- Born: Jake Hammond(s) Jr. September 13, 1938 Detroit, Michigan, United States
- Died: March 29, 1984 (aged 45) Detroit
- Genres: R&B, soul
- Occupation: Singer
- Years active: c.1960–1970s
- Labels: Hi-Q, Audrey, Reel, Jamie, Bon, Wand, Premium Stuff, Big Hit

= Timmy Shaw =

Jake Hammonds (or Hammond) Jr. (September 13, 1938 - March 29 or 30, 1984), known as Timmy Shaw, was an American R&B singer who recorded in the 1960s.
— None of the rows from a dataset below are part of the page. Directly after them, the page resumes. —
(* Let $f:\mathbb Z^+\to[0,\infty)$ be nondecreasing with $f(0)=0$ and $f(z)>0$ for $z>0$, and let $\mathcal H(\varrho)=\mathbf E^\varrho f(\omega)$ for $\varrho\in(0,\infty)$. If $f$ is convex (respectively concave), then $\mathcal H$ is convex (respectively concave) on $(0,\infty)$. Moreover, in this case $\mathcal H''(\varrho)>0$ (respectively $\mathcal H''(\varrho)<0$) for all $\varrho>0$ if and only if $f$ is not a linear function.
   Context: Set $f(0)!=1$, $f(z)!=\prod_{y=1}^zf(y)$. Let $\bar\theta=\lim_{z\to\infty}\log f(z)$ (assumed $>-\infty$, automatically true here). For $\theta<\bar\theta$, $Z(\theta)=\sum_{z\ge0}e^{\theta z}/f(z)!<\infty$ and $\mu^\theta(z)=e^{\theta z}/(Z(\theta)f(z)!)$, $z\in\mathbb Z^+$. The mean $\varrho(\theta)=\sum_zz\mu^\theta(z)$ is a strictly increasing bijection onto $(0,\infty)$; $\mathbf E^\varrho$ denotes expectation of $\omega\sim\mu^{\theta(\varrho)}$. ($\mathcal H$ is the hydrodynamic flux of the totally asymmetric zero range process with jump rate $f$.) *)

theory Defs
  imports "HOL-Analysis.Analysis"
begin

definition ffact :: "(nat \<Rightarrow> real) \<Rightarrow> nat \<Rightarrow> real" where
  "ffact f z = (\<Prod>y\<in>{1..z}. f y)"

definition theta_bar :: "(nat \<Rightarrow> real) \<Rightarrow> ereal" where
  "theta_bar f = lim (\<lambda>z. ereal (ln (f z)))"

definition Zpart :: "(nat \<Rightarrow> real) \<Rightarrow> real \<Rightarrow> real" where
  "Zpart f \<theta> = (\<Sum>z. exp (\<theta> * real z) / ffact f z)"

definition mu :: "(nat \<Rightarrow> real) \<Rightarrow> real \<Rightarrow> nat \<Rightarrow> real" where
  "mu f \<theta> z = exp (\<theta> * real z) / (Zpart f \<theta> * ffact f z)"

definition rho :: "(nat \<Rightarrow> real) \<Rightarrow> real \<Rightarrow> real" where
  "rho f \<theta> = (\<Sum>z. real z * mu f \<theta> z)"

definition theta_of :: "(nat \<Rightarrow> real) \<Rightarrow> real \<Rightarrow> real" where
  "theta_of f \<rho> = (THE \<theta>. ereal \<theta> < theta_bar f \<and> rho f \<theta> = \<rho>)"

definition flux :: "(nat \<Rightarrow> real) \<Rightarrow> real \<Rightarrow> real" where
  "flux f \<rho> = (\<Sum>z. f z * mu f (theta_of f \<rho>) z)"

definition convex_seq :: "(nat \<Rightarrow> real) \<Rightarrow> bool" where
  "convex_seq f \<longleftrightarrow> (\<forall>z. f (z+1) - f z \<le> f (z+2) - f (z+1))"

definition concave_seq :: "(nat \<Rightarrow> real) \<Rightarrow> bool" where
  "concave_seq f \<longleftrightarrow> (\<forall>z. f (z+1) - f z \<ge> f (z+2) - f (z+1))"

definition linear_seq :: "(nat \<Rightarrow> real) \<Rightarrow> bool" where
  "linear_seq f \<longleftrightarrow> (\<exists>a b. \<forall>z. f z = a * real z + b)"

end

theory Submission
  imports Defs
begin

text \<open>Write \<open>x = e\<^sup>\<theta>\<close> for the fugacity. Stein's identity \<open>E[f(\<omega>) g(\<omega>)] = x E[g(\<omega> + 1)]\<close>
  with \<open>g = 1\<close> gives \<open>H(\<rho>) = x\<close>, so \<open>H\<close> is the inverse of the density \<open>x \<mapsto> E \<omega>\<close>. Differentiating
  twice, \<open>H''(\<rho>)\<close> is a positive multiple of \<open>E[f(\<omega>) q(\<omega>)]\<close>, where \<open>q\<close> is the monic quadratic
  orthogonal to \<open>1\<close> and \<open>\<omega>\<close> under \<open>\<mu>\<^sup>\<theta>\<close>. Such a \<open>q\<close> is negative somewhere, so there are integers
  \<open>u < v\<close> such that \<open>q\<close> has the sign of \<open>(n - u)(n - v)\<close> on \<open>\<nat>\<close>; a convex \<open>f\<close> minus its chord
  through \<open>u\<close> and \<open>v\<close> has this sign too. Orthogonality removes the chord, hence \<open>E[f q] \<ge> 0\<close>, with
  equality only if \<open>f\<close> coincides with its chord.\<close>

section \<open>Convex sequences against orthogonal quadratics\<close>

lemma convex_seq_diff_mono:
  assumes "convex_seq h" "i \<le> j"
  shows "h (Suc i) - h i \<le> h (Suc j) - h j"
  using assms(2)
proof (induction j rule: dec_induct)
  case (step j)
  have "h (j+1) - h j \<le> h (j+2) - h (j+1)" using assms(1) unfolding convex_seq_def by blast
  then show ?case using step by (simp add: numeral_2_eq_2)
qed simp

lemma convex_seq_below_chord:
  assumes "convex_seq h" "a \<le> b" "b \<le> c"
  shows "(real c - real a) * h b \<le> (real c - real b) * h a + (real b - real a) * h c"
proof -
  define d where "d = h (Suc b) - h b"
  have "h b - h a = (\<Sum>i=a..<b. h (Suc i) - h i)" using sum_Suc_diff'[OF assms(2), of h] by simp
  also have "\<dots> \<le> (\<Sum>i=a..<b. d)"
    by (rule sum_mono) (use convex_seq_diff_mono[OF assms(1)] d_def in auto)
  finally have left: "h b - h a \<le> (real b - real a) * d" using assms(2) by (simp add: of_nat_diff)
  have "(\<Sum>i=b..<c. d) \<le> (\<Sum>i=b..<c. h (Suc i) - h i)"
    by (rule sum_mono) (use convex_seq_diff_mono[OF assms(1)] d_def in auto)
  also have "\<dots> = h c - h b" using sum_Suc_diff'[OF assms(3), of h] by simp
  finally have right: "(real c - real b) * d \<le> h c - h b" using assms(3) by (simp add: of_nat_diff)
  have "(real c - real b) * (h b - h a) \<le> (real c - real b) * ((real b - real a) * d)"
    using left assms by (intro mult_left_mono) auto
  also have "\<dots> = (real b - real a) * ((real c - real b) * d)" by simp
  also have "\<dots> \<le> (real b - real a) * (h c - h b)"
    using right assms by (intro mult_left_mono) auto
  finally show ?thesis by (simp add: algebra_simps)
qed

text \<open>The first factor is \<open>v - u\<close> times the height of \<open>h z\<close> above the chord through \<open>u\<close> and \<open>v\<close>:
  \<open>h\<close> lies below the chord between \<open>u\<close> and \<open>v\<close> and above it outside.\<close>

lemma convex_seq_chord_sign:
  assumes h: "convex_seq h" and "u < v"
  shows "0 \<le> ((real v - real u) * h z - (real v - real z) * h u - (real z - real u) * h v)
              * ((real z - real u) * (real z - real v))"
proof -
  define G where "G = (real v - real u) * h z - (real v - real z) * h u - (real z - real u) * h v"
  consider "z \<le> u" | "u \<le> z" "z \<le> v" | "v \<le> z" by linarith
  then show ?thesis
  proof cases
    case 1
    hence "(real v - real z) * h u \<le> (real v - real u) * h z + (real u - real z) * h v"
      using convex_seq_below_chord[OF h 1, of v] \<open>u < v\<close> by simp
    hence "0 \<le> G" by (simp add: G_def algebra_simps)
    moreover have "0 \<le> (real z - real u) * (real z - real v)"
      using 1 \<open>u < v\<close> by (intro mult_nonpos_nonpos) auto
    ultimately show ?thesis unfolding G_def by simp
  next
    case 2
    hence "(real v - real u) * h z \<le> (real v - real z) * h u + (real z - real u) * h v"
      using convex_seq_below_chord[OF h] by simp
    hence "G \<le> 0" by (simp add: G_def algebra_simps)
    moreover have "(real z - real u) * (real z - real v) \<le> 0"
      using 2 by (intro mult_nonneg_nonpos) auto
    ultimately show ?thesis unfolding G_def by (rule mult_nonpos_nonpos)
  next
    case 3
    hence "(real z - real u) * h v \<le> (real z - real v) * h u + (real v - real u) * h z"
      using convex_seq_below_chord[OF h, of u v z] \<open>u < v\<close> by simp
    hence "0 \<le> G" by (simp add: G_def algebra_simps)
    moreover have "0 \<le> (real z - real u) * (real z - real v)"
      using 3 \<open>u < v\<close> by (intro mult_nonneg_nonneg) auto
    ultimately show ?thesis unfolding G_def by simp
  qed
qed

lemma convex_seq_scale_minus_affine:
  assumes "convex_seq h" "0 \<le> c"
  shows "convex_seq (\<lambda>n. c * h n - (A + B * real n))"
  unfolding convex_seq_def
proof
  fix z
  have "c * (h (z+1) - h z) \<le> c * (h (z+2) - h (z+1))"
    using assms unfolding convex_seq_def by (intro mult_left_mono) auto
  thus "c * h (z+1) - (A + B * real (z+1)) - (c * h z - (A + B * real z))
      \<le> c * h (z+2) - (A + B * real (z+2)) - (c * h (z+1) - (A + B * real (z+1)))"
    by (simp add: algebra_simps)
qed

lemma concave_seq_iff_convex_seq_uminus: "concave_seq h \<longleftrightarrow> convex_seq (\<lambda>n. - h n)"
  unfolding concave_seq_def convex_seq_def by (intro iff_allI) linarith

lemma linear_seq_uminus: "linear_seq h \<Longrightarrow> linear_seq (\<lambda>n. - h n)"
  unfolding linear_seq_def by (metis minus_add_distrib mult_minus_left)

lemma convex_seq_eq_0_if_eventually_0:
  assumes "convex_seq g" "g 0 = 0" "\<And>n. n \<ge> N \<Longrightarrow> g n = 0"
  shows "g n = 0"
proof -
  have decr: "g (Suc k) - g k \<le> 0" for k
    using convex_seq_diff_mono[OF assms(1), of k "max k N"] assms(3) by simp
  have "g n - g 0 = (\<Sum>i=0..<n. g (Suc i) - g i)" using sum_Suc_diff'[of 0 n g] by simp
  also have "\<dots> \<le> 0" by (rule sum_nonpos) (use decr in auto)
  finally have nonpos: "g n \<le> 0" using assms(2) by simp
  have "g (max n N) - g n = (\<Sum>i=n..<max n N. g (Suc i) - g i)"
    using sum_Suc_diff'[of n "max n N" g] by simp
  also have "\<dots> \<le> 0" by (rule sum_nonpos) (use decr in auto)
  finally have "g n \<ge> 0" using assms(3)[of "max n N"] by simp
  with nonpos show ?thesis by simp
qed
He was born in Detroit. He first recorded in 1960 as Jay Hammond, with "I'll Be Your Fool" on the Hi-Q label, followed by "Hey Baby"/"Taste Of The Blues" on the Audrey label, owned by Detroit businesswoman and record producer Johnnie Mae Matthews. The following year he recorded "Throw It Out Of Your Mind"/"A Letter From My Baby" on the Reel label, and in 1962 recorded "Thunder In My Heart"/"No More" on the Bon label. The A-side is described by one reviewer as "extraordinary... one of the most sought after deep soul 45s." He worked closely with Johnnie Mae Matthews, sometimes performing with her as a duo.

Timmy Shaw's only chart record was "Gonna Send You Back To Georgia", which reached number 41 on the Billboard Hot 100 in early 1964. It was issued by Wand Records. Co-written by Hammonds and Matthews, the song was originally titled "A City Slick" and had first been released as the B-side of "I'm A Lonely Guy" on the Audrey label. His backing group is named on the label as the Sternphones. The song was covered by the Animals as "Gonna Send You Back to Walker"; Walker, Newcastle upon Tyne, was singer Eric Burdon's birthplace. John Lennon was also known to be an admirer of the Shaw recording; it was part of John Lennon's jukebox. However, the follow-up, "If I Catch You (Running Around)", failed to reach the charts. Later in the 1960s, Shaw recorded duets with both Little Melvin, "Get To Steppin'" (1967); and Chuck Holiday, "You Better (Get Yourself Together)" (1968). However, neither had commercial success.

Timmy Shaw died from throat cancer on March 29, 1984, at the age of 45.